Spadaro, nel corso della sua trattazione, più volte richiama una considerazione non di poco conto ovvero che «nonostante la sua fama sia legata più alla prosa, Carver nasce e muore poeta» (29) difatti le sue prime pubblicazioni in volume – se si eccettua qualche racconto apparso su rivista – furono Near Klamath(1968) e Winter Insomnia (1970)135. E la concezione che Carver ha della poesia non è qualcosa di elevato e di estraneo dall’uomo. Essa, al contrario, è portatrice di un messaggio reale e, in quanto tale, parla dell’umano e all’umano delle questioni che più lo riguardano e lo coinvolgono. È una poesia di vita e di morte, di quelle che ebbe a definire le «grandi questioni» e di tutto quello che attiene la vita pratica e reale di trovarsi nel mondo. Nel celebre epitaffio sulla sua tomba – scritto da lui stesso – figurano riflessioni sullo stato delle cose, mostra un atteggiamento di perlustrazione, avvinto da una riflessione continua, seria e meditata attorno agli enigmi dell’esistenza che tutti attanagliano: «E hai ottenuto quello che / volevi da questa vita, nonostante tutto? / Sì./E cos’è che volevi? / Potermi dire amato, sentirmi / amato sulla terra». Carver da maledetto e inquieto si scopre a noi lettori profondamente intimo e dolce, nei suoi interrogativi – a cui dà una risposta pacificata e convinta – è contenuto un invito a tutti affinché si rifletta sul senso del nostro andare, perché si concretizzi la direzione che ci si è prefissi ma soprattutto – in quell’imprecisato e nostalgico nonostante tutto – fa intravedere l’esigenza di sviluppo di un atteggiamento resiliente, capace di rimboccarsi le maniche dinanzi alle sventure personali e collettive, per combattere in difesa dei propri sogni e diritti. Secondo Spadaro «Le sue piccole paure sono riflesso della sua estrema fragilità, di una radicale paura della morte che evoca tenerezza e fa comprendere il radicale bisogno di “sentirsi amati sulla terra”» (122).

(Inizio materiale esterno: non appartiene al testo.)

(* Let $p>2$ be a prime and $d>0$ an integer. Suppose $-1\in QR_p$ and $\epsilon\in QNR_p$, where $\epsilon\in\mathbb{Z}_p^*$ satisfies $\epsilon^2\equiv-1\pmod p$. Let $n_1$ be the number of distinct values $y^4\in\mathbb{Z}_p^*$ for which $y^4-1\equiv x^2\pmod p$ has a solution with $x^2\in\mathbb{Z}_p^*$, and let $n_2$ be the number of distinct values $y^4\in\mathbb{Z}_p^*$ for which $y^4+1\equiv x^2\pmod p$ has a solution with $x^2\in\mathbb{Z}_p^*$. Then $$n_1+n_2=\frac{p-5}{4}.$$
   Context: $\mathbb{Z}_p^*=\{1,\dots,p-1\}$ is the multiplicative group modulo $p$. $QR_p=\{x\in\mathbb{Z}_p^*: \exists y\in\mathbb{Z}_p^*,\ y^2\equiv x \pmod p\}$ is the set of nonzero quadratic residues modulo $p$ and $QNR_p=\mathbb{Z}_p^*\setminus QR_p$ the set of quadratic nonresidues. *)

theory Defs
  imports Complex_Main "HOL-Number_Theory.Number_Theory"
begin

text \<open>Z_p^* is represented by the residues {1..p-1} (as integers).\<close>

definition QR :: "int \<Rightarrow> int set" where
  "QR p = {x \<in> {1..p-1}. \<exists>y\<in>{1..p-1}. [y^2 = x] (mod p)}"

definition QNR :: "int \<Rightarrow> int set" where
  "QNR p = {1..p-1} - QR p"

definition n1 :: "int \<Rightarrow> nat" where
  "n1 p = card {t \<in> {1..p-1}. (\<exists>y\<in>{1..p-1}. [y^4 = t] (mod p)) \<and>
       (\<exists>x. x^2 mod p \<in> {1..p-1} \<and> [t - 1 = x^2] (mod p))}"

definition n2 :: "int \<Rightarrow> nat" where
  "n2 p = card {t \<in> {1..p-1}. (\<exists>y\<in>{1..p-1}. [y^4 = t] (mod p)) \<and>
       (\<exists>x. x^2 mod p \<in> {1..p-1} \<and> [t + 1 = x^2] (mod p))}"

end

theory Submission
  imports Defs
begin

text \<open>
  Count the points of the conic \<open>x\<^sup>2 - y\<^sup>2 = 1\<close> over \<open>\<int>/p\<close> with both coordinates
  nonzero in two ways. Parametrised by \<open>u = x + y\<close> the conic has \<open>p - 1\<close> points, four of
  which lie on the axes because \<open>-1\<close> is a square; so \<open>p - 5\<close> remain. On the other hand
  these points lie four apiece over the \<open>s = x\<^sup>2\<close> for which \<open>s\<close> and \<open>s - 1\<close> are both
  nonzero squares. Since \<open>-1\<close> is a square but not a fourth power, every nonzero square is
  \<open>t\<close> or \<open>-t\<close> for a fourth power \<open>t\<close>, but never both; the condition on \<open>s - 1\<close> then
  becomes \<open>t - 1\<close>, resp.\ \<open>t + 1\<close>, being a nonzero square, so there are \<open>n\<^sub>1 + n\<^sub>2\<close> such \<open>s\<close>.
\<close>

definition square_roots :: "int \<Rightarrow> int \<Rightarrow> int set" where
  "square_roots p a = {x \<in> {1..p-1}. [x^2 = a] (mod p)}"

definition hyperbola :: "int \<Rightarrow> int \<Rightarrow> (int \<times> int) set" where
  "hyperbola p c = {(x, y). x \<in> {0..p-1} \<and> y \<in> {0..p-1} \<and> [x^2 - y^2 = c] (mod p)}"

definition hyperbola_units :: "int \<Rightarrow> (int \<times> int) set" where
  "hyperbola_units p = hyperbola p 1 \<inter> {1..p-1} \<times> {1..p-1}"

definition consecutive_residues :: "int \<Rightarrow> int set" where
  "consecutive_residues p = {s \<in> {1..p-1}. Legendre s p = 1 \<and> Legendre (s - 1) p = 1}"

definition fourth_power :: "int \<Rightarrow> int \<Rightarrow> bool" where
  "fourth_power p t \<longleftrightarrow> (\<exists>y \<in> {1..p-1}. [y^4 = t] (mod p))"

context
  fixes p :: int
  assumes prime_p: "prime p" and p_gt_2: "p > 2"
begin

lemma not_dvd_if_in_units: "x \<in> {1..p-1} \<Longrightarrow> \<not> p dvd x"
  using zdvd_imp_le by fastforce

lemma mod_in_units: "\<not> p dvd x \<Longrightarrow> x mod p \<in> {1..p-1}"
proof -
  assume "\<not> p dvd x"
  then have "x mod p \<noteq> 0" by (simp add: dvd_eq_mod_eq_0)
  moreover have "0 \<le> x mod p" "x mod p < p" using p_gt_2 by auto
  ultimately show ?thesis by auto
qed

lemma not_dvd_power: "\<not> p dvd x \<Longrightarrow> \<not> p dvd x ^ n"
  using prime_p prime_dvd_power by blast

lemma cong_double_imp_cong: "[2 * x = 2 * y] (mod p) \<Longrightarrow> [x = y] (mod p)"
  using prime_odd_int[OF prime_p p_gt_2] cong_mult_lcancel[of 2 p] by simp

lemma cong_square_square_imp: "[x^2 = a^2] (mod p) \<Longrightarrow> [x = a] (mod p) \<or> [x = -a] (mod p)"
proof -
  assume "[x^2 = a^2] (mod p)"
  then have "p dvd (x - a) * (x + a)"
    by (simp add: cong_iff_dvd_diff power2_eq_square algebra_simps)
  then show ?thesis
    using prime_p by (auto simp: prime_dvd_mult_iff cong_iff_dvd_diff)
qed

lemma Legendre_cong:
  assumes "[a = b] (mod p)"
  shows "Legendre a p = Legendre b p"
proof -
  have "[a = 0] (mod p) \<longleftrightarrow> [b = 0] (mod p)" "QuadRes p a \<longleftrightarrow> QuadRes p b"
    unfolding QuadRes_def using assms cong_sym cong_trans by blast+
  then show ?thesis
    unfolding Legendre_def by simp
qed

lemma Legendre_eq_1_iff: "Legendre a p = 1 \<longleftrightarrow> \<not> p dvd a \<and> QuadRes p a"
  unfolding Legendre_def by (auto simp: cong_0_iff)

lemma Legendre_nonzero_cases: "\<not> p dvd a \<Longrightarrow> Legendre a p = 1 \<or> Legendre a p = -1"
  unfolding Legendre_def by (auto simp: cong_0_iff)

lemma Legendre_mult: "Legendre (a * b) p = Legendre a p * Legendre b p"
proof -
  define q where "q = nat p"
  have q: "p = int q" and "prime q" "2 < q"
    using prime_p p_gt_2 by (simp_all add: q_def)
  note euler = euler_criterion[OF \<open>prime q\<close> \<open>2 < q\<close>, folded q]
  have "[Legendre (a * b) p = a ^ ((q - 1) div 2) * b ^ ((q - 1) div 2)] (mod p)"
    using euler[of "a * b"] by (simp add: power_mult_distrib)
  also have "[a ^ ((q - 1) div 2) * b ^ ((q - 1) div 2) = Legendre a p * Legendre b p] (mod p)"
    by (rule cong_mult[OF cong_sym[OF euler] cong_sym[OF euler]])
  finally have "[Legendre (a * b) p + 1 = Legendre a p * Legendre b p + 1] (mod p)"
    by (rule cong_add) simp
  moreover have "Legendre (a * b) p \<in> {-1, 0, 1}" "Legendre a p * Legendre b p \<in> {-1, 0, 1}"
    unfolding Legendre_def by auto
  ultimately have "Legendre (a * b) p + 1 = Legendre a p * Legendre b p + 1"
    using p_gt_2 by (intro cong_less_imp_eq_int) auto
  then show ?thesis by simp
qed

lemma Legendre_square: "\<not> p dvd a \<Longrightarrow> Legendre (a^2) p = 1"
  unfolding Legendre_eq_1_iff QuadRes_def using not_dvd_power[of a 2] cong_refl by blast

lemma Legendre_eq_1_imp_unit_root:
  assumes "Legendre a p = 1"
  obtains y where "y \<in> {1..p-1}" "[y^2 = a] (mod p)"
proof -
  obtain r where r: "[r^2 = a] (mod p)" and "\<not> p dvd a"
    using assms unfolding Legendre_eq_1_iff QuadRes_def by blast
  then have "\<not> p dvd r^2"
    using cong_dvd_iff[OF r] by simp
  then have "\<not> p dvd r"
    by (auto simp: power2_eq_square)
  moreover have "[(r mod p)^2 = a] (mod p)"
    using cong_trans[OF _ r] by (simp add: cong_def power_mod)
  ultimately show thesis
    by (intro that[of "r mod p"] mod_in_units)
qed

lemma QR_iff_Legendre: "x \<in> QR p \<longleftrightarrow> x \<in> {1..p-1} \<and> Legendre x p = 1"
proof
  assume "x \<in> QR p"
  then show "x \<in> {1..p-1} \<and> Legendre x p = 1"
    unfolding QR_def Legendre_eq_1_iff QuadRes_def using not_dvd_if_in_units by blast
next
  assume "x \<in> {1..p-1} \<and> Legendre x p = 1"
  then show "x \<in> QR p"
    unfolding QR_def by (blast elim: Legendre_eq_1_imp_unit_root)
qed

lemma nonzero_square_cong_iff_Legendre:
  "(\<exists>x. x^2 mod p \<in> {1..p-1} \<and> [a = x^2] (mod p)) \<longleftrightarrow> Legendre a p = 1"
proof
  assume "\<exists>x. x^2 mod p \<in> {1..p-1} \<and> [a = x^2] (mod p)"
  then obtain x where "x^2 mod p \<in> {1..p-1}" "[a = x^2] (mod p)"
    by blast
  then have "\<not> p dvd x^2" "[a = x^2] (mod p)"
    by (auto simp: dvd_eq_mod_eq_0)
  then show "Legendre a p = 1"
    unfolding Legendre_eq_1_iff QuadRes_def by (metis cong_dvd_iff cong_sym)
next
  assume "Legendre a p = 1"
  then obtain y where "y \<in> {1..p-1}" "[y^2 = a] (mod p)"
    by (rule Legendre_eq_1_imp_unit_root)
  then show "\<exists>x. x^2 mod p \<in> {1..p-1} \<and> [a = x^2] (mod p)"
    using mod_in_units not_dvd_power not_dvd_if_in_units cong_sym by blast
qed

lemma finite_square_roots: "finite (square_roots p a)"
  unfolding square_roots_def by (rule finite_subset[of _ "{1..p-1}"]) auto

lemma card_square_roots:
  assumes "Legendre a p = 1"
  shows "card (square_roots p a) = 2"
proof -
  obtain r where r: "r \<in> {1..p-1}" "[r^2 = a] (mod p)"
    using assms by (rule Legendre_eq_1_imp_unit_root)
  have "square_roots p a = {r, (-r) mod p}"
  proof (intro equalityI subsetI)
    fix x assume x: "x \<in> square_roots p a"
    then have "[x^2 = r^2] (mod p)"
      unfolding square_roots_def using r(2) by (metis cong_sym cong_trans mem_Collect_eq)
    then have "[x = r] (mod p) \<or> [x = -r] (mod p)"
      by (rule cong_square_square_imp)
    moreover have "x mod p = x" "r mod p = r"
      using x r(1) unfolding square_roots_def by auto
    ultimately show "x \<in> {r, (-r) mod p}"
      unfolding cong_def by auto
  next
    fix x assume "x \<in> {r, (-r) mod p}"
    moreover have "[((-r) mod p)^2 = a] (mod p)"
      using cong_trans[OF _ r(2)] by (simp add: cong_def power_mod)
    moreover have "(-r) mod p \<in> {1..p-1}"
      using r(1) mod_in_units not_dvd_if_in_units by simp
    ultimately show "x \<in> square_roots p a"
      unfolding square_roots_def using r by auto
  qed
  moreover have "r \<noteq> (-r) mod p"
  proof
    assume "r = (-r) mod p"
    then have "[r = -r] (mod p)"
      using r(1) unfolding cong_def by simp
    then have "[2 * r = 2 * 0] (mod p)"
      by (simp add: cong_iff_dvd_diff)
    then have "[r = 0] (mod p)"
      by (rule cong_double_imp_cong)
    then show False
      using not_dvd_if_in_units r(1) by (simp add: cong_0_iff)
  qed
  ultimately show ?thesis by simp
qed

Ad arricchire la trattazione saggistica di Spadaro è, in appendice, un ricco repertorio di foto in bianco e nero che testimoniano, con opportuna narrazione a corredo, il suo viaggio Oltreoceano per giungere all’Ocean View Cemetery di Port Angeles, nello stato di Washington, che bacia il Salish Sea che lo divide dalle coste canadesi, to pay a tributesulla tomba dello scrittore americano (viaggio fatto nel 2010).

135 Lui stesso aveva avuto a rivelare: «I miei racconti sono meglio conosciuti, ma, per quello che mi riguarda, io amo la poesia» (97).